The DMCA claims related to whether Glider violates DMCA sections 1201(a)(2) and (b)(1) by circumventing WOW’s Warden, which is intended to detect bots. The Court ruled in Blizzard’s favor with respect to “dynamic non-literal elements” of WOW.
In reaching its decision, the Court refused to follow a Federal Circuit decision (in the Chamberlain case) interpreting the DMCA. The 9th Circuit ruled that Section 1201 (a) creates a new anti-circumvention right distinct from copyright infringement while section (b) strengthens the traditional prohibition against copyright infringement. In contrast, the Federal Circuit in Chamberlain found that the DMCA coverage is limited to a copyright owner’s rights under Section 106 of the Copyright Act, and required a “nexus” to infringement. The 9th Circuit refused to adopt any requirement for an infringement nexus. The tension between these appeals courts may set up a show down in the Supreme Court.

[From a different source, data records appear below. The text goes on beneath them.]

lemma QQ_kernel_bound:
  obtains c where "0 \<le> c" "\<And>t s. t \<in> {0..T} \<Longrightarrow> s \<in> {0..T} \<Longrightarrow> norm (QQ_kernel P t s) \<le> c * weight s"
proof -
  obtain g where g: "0 \<le> g" "\<And>s. s \<in> {0..T} \<Longrightarrow> norm (Gam M B S P s) \<le> g * (1 + norm (B s))"
    using Gam_bound by blast
  let ?d = data_bound
  have "norm (QQ_kernel P t s) \<le> (?d + 2 * g * ?d + g * ?d * g) * weight s"
    if t: "t \<in> {0..T}" and s: "s \<in> {0..T}" for t s
  proof -
    let ?\<Gamma> = "Gam M B S P s" and ?b = "1 + norm (B s)"
    have b: "1 \<le> ?b" "?b \<le> weight s" "?b * ?b = weight s"
      using one_plus_norm_B_le_weight[of s] by (simp_all add: weight_def power2_eq_square)
    let ?x1 = "transpose ?\<Gamma> ** St t s" and ?x2 = "transpose (St t s) ** ?\<Gamma>"
      and ?x3 = "transpose ?\<Gamma> ** Mt t s ** ?\<Gamma>"
    have \<Gamma>: "norm ?\<Gamma> \<le> g * ?b" "norm (transpose ?\<Gamma>) \<le> g * ?b"
      using g(2)[OF s] by (simp_all add: norm_transpose)
    have "norm ?x1 \<le> g * ?d * ?b" "norm ?x2 \<le> g * ?d * ?b"
      using norm_matrix_mult_le_bound[OF \<Gamma>(2) data_bound(6)[OF t s]]
        norm_matrix_mult_le_bound[OF _ \<Gamma>(1), of "transpose (St t s)" ?d] data_bound(6)[OF t s]
      by (simp_all add: norm_transpose mult_ac)
    moreover have "norm ?x3 \<le> g * ?d * g * (?b * ?b)"
      using norm_sandwich_le_bound[OF \<Gamma>(1) data_bound(7)[OF t s]] by (simp add: mult_ac)
    moreover have "norm (Qt t s - ?x1 - ?x2 + ?x3) \<le> norm (Qt t s) + norm ?x1 + norm ?x2 + norm ?x3"
      using norm_triangle_ineq[of "Qt t s - ?x1 - ?x2" ?x3] norm_triangle_ineq4[of "Qt t s - ?x1" ?x2]
        norm_triangle_ineq4[of "Qt t s" ?x1] by linarith
    ultimately have "norm (QQ_kernel P t s) \<le> ?d + 2 * (g * ?d * ?b) + g * ?d * g * (?b * ?b)"
      unfolding QQ_kernel_def using data_bound(5)[OF t s] by linarith
    also have "\<dots> = ?d + 2 * (g * ?d * ?b) + g * ?d * g * weight s"
      using b(3) by simp
    also have "\<dots> \<le> ?d * weight s + 2 * (g * ?d * weight s) + g * ?d * g * weight s"
      using mult_left_mono[OF weight_ge_one[of s] data_bound_nonneg]
        mult_left_mono[OF b(2), of "g * ?d"] g(1) data_bound_nonneg
      by simp
    also have "\<dots> = (?d + 2 * g * ?d + g * ?d * g) * weight s"
      by (simp add: algebra_simps)
    finally show ?thesis .
  qed
  with g(1) data_bound_nonneg show ?thesis
    by (intro that[of "?d + 2 * g * ?d + g * ?d * g"]) auto
qed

The Court went on to find that MDY did violate Section 1202 (a)(2) of the DMCA with respect to the dynamic non-literal elements of WOW. But the Court found that Glider does not violate DMCA Section 1201(a)(2) with respect to WOW’s literal and individual non-literal elements, because Warden does not effectively control access to these WOW elements.
The Court also found that the tortious interference with contract claims were not preempted by the Copyright Act, but that factual issues prevented a proper summary judgment finding. As a result, it vacated the district court’s summary judgment ruling on this issue and remanded the issue of personal liability for MDY’s CEO.
Perhaps serendipitously, the decision was handed down just days after Blizzard’s release of Cataclysm the third expansion of WOW. More than 3.3 million
copies as of Cataclysm were sold in the first 24 hours of release, which according to Blizzard, makes it the
fastest-selling PC game of all time.